E lo era, stanca di tutta quella situazione.

«Lo sono» ammise piano, abbassando gli occhi e fissando il pavimento, «Ma dormire non mi farà sentire meglio» proseguì. «Se rimango da sola è peggio e poi...» buttò fuori in un sussurro che si abbassò sempre di più, «Come potrei mai addormentarmi dopo oggi?» un sorriso amaro le distese le labbra.

Senza dire nulla Dick aprì la porta della sua stanza e con un cenno del capo la invitò a entrare. Poi recuperò il suo portatile, salì sul letto, incrociò le gambe per mettersi comodo e invitò Amber ad affiancarlo. «Ne sei sicura?» le chiese un'ultima volta.

Amber annuì senza pensarci e senza lasciargli il tempo di aggiungere altro. Deviò lo sguardo dal suo e attese. Aveva paura, ma la voglia di sapere cosa contenesse quel filmato aveva abbattuto ogni esitazione. E quando Dick inserì l'usb nel portatile e aprì il file video inevitabilmente trattenne il fiato.

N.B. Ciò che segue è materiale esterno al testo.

(* Let $G=(V,E)$ be a connected undirected graph on $V=\{1,\dots,m\}$ without self-loops, with adjacency matrix $H$ ($h^i_j=1$ if $(i,j)\in E$, else $0$), Laplacian $\mathcal{L}=\Delta-H$ ($\Delta$ the diagonal degree matrix) and maximum degree $\Delta_{\max}$. Fix $0<c<1/\Delta_{\max}$ and let the priority vectors $w^i(k)=(w^i_1(k),\dots,w^i_m(k))$, $i=1,\dots,m$, evolve by $$w^i(k+1)=w^i(k)+c\sum_{j=1}^m h^i_j\,(w^j(k)-w^i(k)),$$ where each initial vector $w^i(0)$ has entries in $(0,1)$ summing to $1$. Define for every $k\ge 0$ the weights $a^i_j(k)=w^i_j(k)$ if $(i,j)\in E$; $a^i_i(k)=w^i_i(k)+\sum_{j\neq i,\,(i,j)\notin E} w^i_j(k)$; and $a^i_j(k)=0$ if $j\neq i$ and $(i,j)\notin E$. Let $\mu_0=\min_{i,j\in\{1,\dots,m\}} w^i_j(0)$. Then: (1) $a^i_i(k)\ge \mu_0$ for all $k\ge 0$ and all $i$; (2) $a^i_j(k)\ge \mu_0$ for all $k\ge 0$ and all $(i,j)\in E$; (3) $a^i_j(k)=0$ for all $k$ whenever $j\neq i$ and $(i,j)\notin E$.
   Context: Agent $i$'s priority vector $w^i(k)$ assigns a priority $w^i_j(k)$ to the objective of every agent $j$. At the network level, $W(k+1)=(I-c\mathcal{L})W(k)$ where $W(k)$ is the matrix whose $i$-th row is $w^i(k)$. The weight $a^i_j(k)$ is the weight agent $i$ assigns to information from agent $j$ at iteration $k$: agent $i$ keeps its priority for neighbors, puts zero weight on non-neighbors, and adds the priorities of non-neighbors to its own self-weight. By convention $(i,i)\notin E$. *)

theory Defs
  imports Complex_Main
begin

definition undirected_graph :: "nat \<Rightarrow> (nat \<Rightarrow> nat \<Rightarrow> bool) \<Rightarrow> bool" where
  "undirected_graph m E \<longleftrightarrow>
     (\<forall>i j. E i j \<longrightarrow> i \<in> {1..m} \<and> j \<in> {1..m}) \<and>
     (\<forall>i j. E i j \<longrightarrow> E j i) \<and> (\<forall>i. \<not> E i i)"

definition connected_graph :: "nat \<Rightarrow> (nat \<Rightarrow> nat \<Rightarrow> bool) \<Rightarrow> bool" where
  "connected_graph m E \<longleftrightarrow> (\<forall>i\<in>{1..m}. \<forall>j\<in>{1..m}. E\<^sup>*\<^sup>* i j)"

definition adj :: "(nat \<Rightarrow> nat \<Rightarrow> bool) \<Rightarrow> nat \<Rightarrow> nat \<Rightarrow> real" where
  "adj E i j = (if E i j then 1 else 0)"

definition degree :: "nat \<Rightarrow> (nat \<Rightarrow> nat \<Rightarrow> bool) \<Rightarrow> nat \<Rightarrow> nat" where
  "degree m E i = card {j\<in>{1..m}. E i j}"

definition max_degree :: "nat \<Rightarrow> (nat \<Rightarrow> nat \<Rightarrow> bool) \<Rightarrow> nat" where
  "max_degree m E = Max (degree m E ` {1..m})"

fun prio :: "nat \<Rightarrow> (nat \<Rightarrow> nat \<Rightarrow> bool) \<Rightarrow> real \<Rightarrow> (nat \<Rightarrow> nat \<Rightarrow> real)
              \<Rightarrow> nat \<Rightarrow> nat \<Rightarrow> nat \<Rightarrow> real" where
  "prio m E c W0 0 i l = W0 i l"
| "prio m E c W0 (Suc k) i l =
     prio m E c W0 k i l + c * (\<Sum>j=1..m. adj E i j * (prio m E c W0 k j l - prio m E c W0 k i l))"

definition weight :: "nat \<Rightarrow> (nat \<Rightarrow> nat \<Rightarrow> bool) \<Rightarrow> real \<Rightarrow> (nat \<Rightarrow> nat \<Rightarrow> real)
              \<Rightarrow> nat \<Rightarrow> nat \<Rightarrow> nat \<Rightarrow> real" where
  "weight m E c W0 k i j =
     (if E i j then prio m E c W0 k i j
      else if j = i then prio m E c W0 k i i +
              (\<Sum>l\<in>{l\<in>{1..m}. l \<noteq> i \<and> \<not> E i l}. prio m E c W0 k i l)
      else 0)"

end

theory Submission
  imports Defs
begin

text \<open>Since the adjacency row of agent i sums to its degree d_i, the update reads
  w^i_l(k+1) = (1 - c d_i) w^i_l(k) + c \<Sum>_j h^i_j w^j_l(k), a convex combination because
  c d_i \<le> c \<Delta>_max < 1. Hence any lower bound on column l at time 0 persists, so every
  priority stays at least \<mu>0 > 0, and the diagonal weight only adds nonnegative priorities
  to w^i_i(k).\<close>

lemma sum_adj_eq_degree: "(\<Sum>j=1..m. adj E i j) = real (degree m E i)"
  unfolding adj_def degree_def
  by (simp add: sum.If_cases Int_def conj_commute)

lemma prio_Suc_convex:
  "prio m E c W0 (Suc k) i l =
     (1 - c * real (degree m E i)) * prio m E c W0 k i l
     + c * (\<Sum>j=1..m. adj E i j * prio m E c W0 k j l)"
proof -
  have sum_diff: "(\<Sum>j=1..m. adj E i j * (prio m E c W0 k j l - prio m E c W0 k i l))
      = (\<Sum>j=1..m. adj E i j * prio m E c W0 k j l) - real (degree m E i) * prio m E c W0 k i l"
    unfolding right_diff_distrib sum_subtractf sum_distrib_right[symmetric] sum_adj_eq_degree
    by (simp add: mult.commute)
  show ?thesis
    unfolding prio.simps(2) sum_diff by (simp add: algebra_simps)
qed

lemma prio_ge_initial_lower_bound:
  assumes "0 \<le> c"
    and step_size: "\<And>i. i \<in> {1..m} \<Longrightarrow> c * real (degree m E i) \<le> 1"
    and initial: "\<And>i. i \<in> {1..m} \<Longrightarrow> \<mu> \<le> W0 i l"
    and "i \<in> {1..m}"
  shows "\<mu> \<le> prio m E c W0 k i l"
  using \<open>i \<in> {1..m}\<close>
proof (induction k arbitrary: i)
  case 0
  then show ?case using initial by simp
next
  case (Suc k)
  let ?d = "real (degree m E i)" and ?x = "\<lambda>j. prio m E c W0 k j l"
  have "(1 - c * ?d) * \<mu> \<le> (1 - c * ?d) * ?x i"
    using Suc step_size by (simp add: mult_left_mono)
  moreover have "c * (?d * \<mu>) \<le> c * (\<Sum>j=1..m. adj E i j * ?x j)"
  proof -
    have "?d * \<mu> = (\<Sum>j=1..m. adj E i j * \<mu>)"
      unfolding sum_distrib_right[symmetric] sum_adj_eq_degree ..
    also have "\<dots> \<le> (\<Sum>j=1..m. adj E i j * ?x j)"
      using Suc.IH by (intro sum_mono) (simp add: adj_def)
    finally show ?thesis using \<open>0 \<le> c\<close> by (simp add: mult_left_mono)
  qed
  ultimately show ?case
    unfolding prio_Suc_convex by (simp add: algebra_simps)
qed

lemma step_size_degree_le_1:
  assumes "0 < c" and "c < 1 / real (max_degree m E)" and "i \<in> {1..m}"
  shows "c * real (degree m E i) \<le> 1"
proof -
  have "degree m E i \<le> max_degree m E"
    unfolding max_degree_def using \<open>i \<in> {1..m}\<close> by (auto intro!: Max_ge)
  moreover have "0 < real (max_degree m E)"
    using assms(1,2) by (cases "max_degree m E = 0") auto
  ultimately have "c * real (degree m E i) \<le> c * real (max_degree m E)"
    using \<open>0 < c\<close> by (simp add: mult_left_mono)
  also have "\<dots> < 1"
    using assms(2) \<open>0 < real (max_degree m E)\<close> by (simp add: field_simps)
  finally show ?thesis by simp
qed

lemma finite_matrix_entries:
  assumes "finite A" and "finite B"
  shows "finite {W i j | i j. i \<in> A \<and> j \<in> B}"
proof -
  have "{W i j | i j. i \<in> A \<and> j \<in> B} = (\<lambda>(i, j). W i j) ` (A \<times> B)"
    by force
  then show ?thesis using assms by simp
qed

theorem lemma3p1:
  fixes m :: nat and E :: "nat \<Rightarrow> nat \<Rightarrow> bool" and c :: real
    and W0 :: "nat \<Rightarrow> nat \<Rightarrow> real"
  assumes "m \<ge> 1"
    and "undirected_graph m E"
    and "connected_graph m E"
    and "0 < c" and "c < 1 / real (max_degree m E)"
    and "\<forall>i\<in>{1..m}. \<forall>j\<in>{1..m}. 0 < W0 i j \<and> W0 i j < 1"
    and "\<forall>i\<in>{1..m}. (\<Sum>j=1..m. W0 i j) = 1"
  defines "\<mu>0 \<equiv> Min {W0 i j | i j. i \<in> {1..m} \<and> j \<in> {1..m}}"
  shows "(\<forall>k. \<forall>i\<in>{1..m}. weight m E c W0 k i i \<ge> \<mu>0)
       \<and> (\<forall>k. \<forall>i j. E i j \<longrightarrow> weight m E c W0 k i j \<ge> \<mu>0)
       \<and> (\<forall>k. \<forall>i\<in>{1..m}. \<forall>j\<in>{1..m}. j \<noteq> i \<and> \<not> E i j \<longrightarrow> weight m E c W0 k i j = 0)"
proof -
  let ?entries = "{W0 i j | i j. i \<in> {1..m} \<and> j \<in> {1..m}}"
  have finite_entries: "finite ?entries"
    by (rule finite_matrix_entries) simp_all
  have "\<mu>0 \<in> ?entries"
    unfolding \<mu>0_def using \<open>m \<ge> 1\<close> by (intro Min_in finite_entries) auto
  then have "0 < \<mu>0" using assms(6) by auto
  have prio_ge: "\<mu>0 \<le> prio m E c W0 k i l" if "i \<in> {1..m}" "l \<in> {1..m}" for k i l
    using assms(4,5) that unfolding \<mu>0_def
    by (intro prio_ge_initial_lower_bound step_size_degree_le_1 Min_le finite_entries) auto
  have no_loop: "\<not> E i i" and edge_range: "E i j \<Longrightarrow> i \<in> {1..m} \<and> j \<in> {1..m}" for i j
    using assms(2) unfolding undirected_graph_def by blast+
  have "\<mu>0 \<le> weight m E c W0 k i i" if "i \<in> {1..m}" for k i
  proof -
    have "0 \<le> (\<Sum>l\<in>{l\<in>{1..m}. l \<noteq> i \<and> \<not> E i l}. prio m E c W0 k i l)"
      using prio_ge[OF that] \<open>0 < \<mu>0\<close> by (intro sum_nonneg) (auto intro: order_trans[of 0 \<mu>0])
    then show ?thesis
      unfolding weight_def using no_loop[of i] prio_ge[OF that that, of k] by simp
  qed
  moreover have "\<mu>0 \<le> weight m E c W0 k i j" if "E i j" for k i j
    unfolding weight_def using that edge_range[OF that] prio_ge by simp
  ultimately show ?thesis
    unfolding weight_def by auto
qed

end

Dopo pochi attimi, sullo schermo apparve la figura longilinea, in giacca e cravatta, del dottor Barn. Fissava il suo riflesso nello specchio della sala dove erano appena stati e vicino il quale avevano trovato il portatile. Aveva l'aria triste e sognante allo stesso tempo, mentre con l'indice girava in maniera lenta, all'anulare della mano opposta, una piccola fedina d'oro.

«Dov'è la telecamera?» s'interrogò Amber, avvicinandosi allo schermo con gli occhi socchiusi e la fronte aggrottata.

Dick avvicinò l'indice alla cravatta scura che Barn indossava. «Qui» indicò all'altezza del nodo. «L'inquadratura è centrale e alta, ma più bassa rispetto agli occhi» spiegò in breve, prima di mandare avanti il video di una buona mezz'ora che li portò nell'aula del tribunale.  «Questa roba deve essergli costata una fortuna, ha una qualità video e audio incredibile per la grandezza che ha» disse, e a quel punto velocizzò il filmato fino a trasformare le ore in minuti e i minuti in secondi.

«C'è tutto» mormorò a un certo punto, non smettendo di fissare le immagini che scorrevano veloci davanti i suoi occhi. «Sai che significa questo?» disse voltandosi verso Amber ed effettuando una copia del file, «Non serve parlare. Questo video è l'unica prova che ci serve, ed è una prova enorme, una di quelle che assicurano l'ergastolo.» Con un balzo saltò giù dal letto e recuperò la giacca.

«Dove vai?»

«Gordon deve averlo il prima possibile» rispose lui e per un secondo si fermò sulla soglia della porta. L'espressione che le rivolse era un chiaro 'mi dispiace'.

«Vai.» Amber accompagnò quell'affermazione con un cenno del capo e l'osservò andare via finché gli fu possibile, poi con un sospiro saltò giù dal letto e lasciò quella stanza. Non avrebbe chiuso occhio, di quello ne era certa, ma ormai anche quella notte era arrivata agli sgoccioli.

Spero che abbiate capito il titolo di questo capitolo e tutto quello che succede anche se dal precedente è passato un po'... mi scuso per il ritardo ma scrivere un capitolo è davvero impegnativo, soprattutto arrivati in un certo punto della storia.